I'm learning how to use python requests (Python 3) and I am trying to make a simple requests.get to get the HTML code from several websites. Although it works for most of them, there is one I am having trouble with.
When I call : http://es.rs-online.com/ everything works fine:
In [1]: import requests
...:html = requests.get("http://es.rs-online.com/")
In [2]:html
Out[2]: <Response [200]>
However, when I try it with http://es.farnell.com/, python is unable to solve the address and keeps working on it forever. If I set a timeout, no matter how long, the requests.get()
will always be interrupted by the timeout and by nothing else. I have also tried adding headers but it didn't solve the issue.

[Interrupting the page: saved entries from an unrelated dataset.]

(* Let $\mathcal V=\{v^{(1)},\dots,v^{(p)}\}\subset(\mathbb{R}\cup\{-\infty\})^n$ be a finite set, $V$ the matrix with columns $v^{(k)}$, with no row and no column identically $-\infty$, and let $$T_i(x)=\inf_{k\in[p],\,V_{ik}\neq-\infty}\Big[-V_{ik}+\max_{j\in[n],\,j\neq i}(V_{jk}+x_j)\Big],\qquad i\in[n].$$ Let $W=\max_{v\in\mathcal V}\|v\|_H$. Then any finite eigenvector $u\in\mathbb{R}^n$ of $T$ (i.e. $T(u)=\lambda+u$ for some $\lambda$) satisfies $\|u\|_H\le W$.
   Context: $-\infty+c=-\infty$, $\max\emptyset=-\infty$. Hilbert's seminorm: $\|x\|_H=\max_i x_i-\min_i x_i$ (equal to $+\infty$ if some but not all entries are $-\infty$). *)

theory Defs
  imports "HOL-Library.Extended_Real"
begin

text \<open>Vectors in (R u {-infinity})^n are functions from a finite index type 'n to ereal
  that never take the value +infinity. The matrix V has rows indexed by 'n and
  columns indexed by 'p.\<close>

text \<open>Hilbert's seminorm: max_i x_i - min_i x_i, computed in ereal
  (so it is +infinity if some but not all entries are -infinity).\<close>
definition hilbert_sn :: "('n::finite \<Rightarrow> ereal) \<Rightarrow> ereal" where
  "hilbert_sn x = Max (range x) - Min (range x)"

text \<open>The operator T; Sup of the empty set is -infinity in ereal, matching max of empty = -infinity.\<close>
definition shapley_T :: "('n::finite \<Rightarrow> 'p::finite \<Rightarrow> ereal) \<Rightarrow> ('n \<Rightarrow> real) \<Rightarrow> 'n \<Rightarrow> ereal" where
  "shapley_T V x i =
     (INF k \<in> {k. V i k \<noteq> -\<infinity>}. - V i k + (SUP j \<in> {j. j \<noteq> i}. V j k + ereal (x j)))"

end

(* The eigenvalue is nonpositive: in any column k, the row i maximising V i k + u i gives
   T i u <= u i. Hence for all rows i, j, the column k attaining the infimum in T i u satisfies
   u i >= lam + u i = T i u >= - V i k + V j k + u j, i.e. u j - u i <= V i k - V j k, which is at most
   the Hilbert seminorm of column k. *)
theory Submission
  imports Defs
begin

lemma hilbert_sn_diff_le: "x i - x j \<le> hilbert_sn x"
  unfolding hilbert_sn_def by (intro ereal_minus_mono Max_ge Min_le) auto

lemma ex_hilbert_sn_eq_diff: "\<exists>i j. hilbert_sn x = x i - x j"
proof -
  have "Max (range x) \<in> range x" "Min (range x) \<in> range x"
    by (intro Max_in Min_in; simp)+
  then show ?thesis unfolding hilbert_sn_def by (metis imageE)
qed

lemma hilbert_sn_le_iff: "hilbert_sn x \<le> c \<longleftrightarrow> (\<forall>i j. x i - x j \<le> c)"
  by (metis ex_hilbert_sn_eq_diff hilbert_sn_diff_le order_trans)

lemma shapley_T_le:
  assumes "V i k \<noteq> -\<infinity>"
  shows "shapley_T V x i \<le> - V i k + (SUP j \<in> {j. j \<noteq> i}. V j k + ereal (x j))"
  unfolding shapley_T_def using assms by (intro INF_lower) auto

lemma shapley_T_attained:
  assumes "\<exists>k. V i k \<noteq> -\<infinity>"
  obtains k where "V i k \<noteq> -\<infinity>"
    and "shapley_T V x i = - V i k + (SUP j \<in> {j. j \<noteq> i}. V j k + ereal (x j))"
proof -
  let ?g = "\<lambda>k. - V i k + (SUP j \<in> {j. j \<noteq> i}. V j k + ereal (x j))"
  let ?K = "?g ` {k. V i k \<noteq> -\<infinity>}"
  have "shapley_T V x i = Inf ?K"
    unfolding shapley_T_def ..
  also have "\<dots> = Min ?K"
    using assms by (intro Min_Inf[symmetric]) auto
  also have "\<dots> \<in> ?K"
    using assms by (intro Min_in) auto
  finally show ?thesis using that by blast
qed

lemma shapley_eigenvalue_nonpos:
  fixes V :: "'n::finite \<Rightarrow> 'p::finite \<Rightarrow> ereal" and u :: "'n \<Rightarrow> real"
  assumes col_entries: "\<And>i. V i k \<noteq> \<infinity>"
    and col_finite: "\<exists>i. V i k \<noteq> -\<infinity>"
    and eig: "\<And>i. shapley_T V u i = lam + ereal (u i)"
  shows "lam \<le> 0"
proof -
  define f where "f j = V j k + ereal (u j)" for j
  have "Max (range f) \<in> range f"
    by (intro Max_in) simp_all
  then obtain i where i: "f i = Max (range f)"
    by (metis imageE)
  have f_le: "f j \<le> f i" for j
    unfolding i by (rule Max_ge) simp_all
  obtain i' where "V i' k \<noteq> -\<infinity>"
    using col_finite ..
  then have "f i' \<noteq> -\<infinity>"
    using col_entries[of i'] by (cases "V i' k") (auto simp: f_def)
  then have "V i k \<noteq> -\<infinity>"
    using f_le[of i'] by (auto simp: f_def)
  then obtain r where r: "V i k = ereal r"
    using col_entries[of i] by (cases "V i k") auto
  have "lam + ereal (u i) \<le> - V i k + (SUP j \<in> {j. j \<noteq> i}. f j)"
    using shapley_T_le[of V i k u] \<open>V i k \<noteq> -\<infinity>\<close> eig[of i] by (simp add: f_def)
  also have "\<dots> \<le> - V i k + f i"
    by (intro add_left_mono SUP_least f_le)
  also have "- V i k + f i = ereal (u i)"
    by (simp add: f_def r)
  finally show ?thesis
    by (cases lam) auto
qed

lemma shapley_eigenvector_diff_le:
  fixes V :: "'n::finite \<Rightarrow> 'p::finite \<Rightarrow> ereal" and u :: "'n \<Rightarrow> real"
  assumes row_entries: "\<And>k. V i k \<noteq> \<infinity>"
    and row_finite: "\<exists>k. V i k \<noteq> -\<infinity>"
    and eig: "shapley_T V u i = lam + ereal (u i)"
    and "lam \<le> 0"
  shows "\<exists>k. ereal (u j) - ereal (u i) \<le> V i k - V j k"
proof -
  obtain k where "V i k \<noteq> -\<infinity>"
    and T_eq: "shapley_T V u i = - V i k + (SUP j \<in> {j. j \<noteq> i}. V j k + ereal (u j))"
    using shapley_T_attained[of V i u] row_finite by blast
  then obtain r where r: "V i k = ereal r"
    using row_entries[of k] by (cases "V i k") auto
  have "ereal (u j) - ereal (u i) \<le> V i k - V j k"
  proof (cases "j = i")
    case False
    then have "V j k + ereal (u j) \<le> (SUP j \<in> {j. j \<noteq> i}. V j k + ereal (u j))"
      by (intro SUP_upper) simp
    then have "- V i k + (V j k + ereal (u j)) \<le> shapley_T V u i"
      unfolding T_eq by (rule add_left_mono)
    then show ?thesis
      using \<open>lam \<le> 0\<close> unfolding eig r by (cases "V j k"; cases lam) auto
  qed (simp add: r)
  then show ?thesis ..
qed

theorem lemma6p2:
  fixes V :: "'n::finite \<Rightarrow> 'p::finite \<Rightarrow> ereal"
    and u :: "'n \<Rightarrow> real"
    and lam :: ereal
  assumes entries: "\<And>i k. V i k \<noteq> \<infinity>"
    and no_row: "\<And>i. \<exists>k. V i k \<noteq> -\<infinity>"
    and no_col: "\<And>k. \<exists>i. V i k \<noteq> -\<infinity>"
    and eig: "\<And>i. shapley_T V u i = lam + ereal (u i)"
  shows "hilbert_sn (\<lambda>i. ereal (u i)) \<le> Max (range (\<lambda>k. hilbert_sn (\<lambda>i. V i k)))"
proof -
  let ?W = "Max (range (\<lambda>k. hilbert_sn (\<lambda>i. V i k)))"
  have "lam \<le> 0"
    \<comment> \<open>any column will do\<close>
    using shapley_eigenvalue_nonpos[of V undefined u lam] entries no_col eig by blast
  have "ereal (u j) - ereal (u i) \<le> ?W" for i j
  proof -
    obtain k where "ereal (u j) - ereal (u i) \<le> V i k - V j k"
      using shapley_eigenvector_diff_le[of V i u lam j] entries no_row eig \<open>lam \<le> 0\<close> by blast
    also have "\<dots> \<le> hilbert_sn (\<lambda>i. V i k)"
      by (rule hilbert_sn_diff_le)
    also have "\<dots> \<le> ?W"
      by (rule Max_ge) simp_all
    finally show ?thesis .
  qed
  then show ?thesis
    by (simp add: hilbert_sn_le_iff)
qed

end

Also, I don't think the error has anything to do with the proxy that I'm using, as I am able to open this website in my browser. Currently, my code looks like this:
import requests
headers = {'User-Agent': 'Mozilla/5.0 (Windows NT 6.1; WOW64) AppleWebKit/537.36 (KHTML, like Gecko) Chrome/56.0.2924.76 Safari/537.36'}
html = requests.get("http://es.farnell.com/",headers=headers, timeout=5, allow_redirects = True )
After 5 secs, I get the expected timeout notification.
ReadTimeout: HTTPConnectionPool(host='es.farnell.com', port=80): Read timed out. (read timeout=5)
Does anyone know what could be the issue?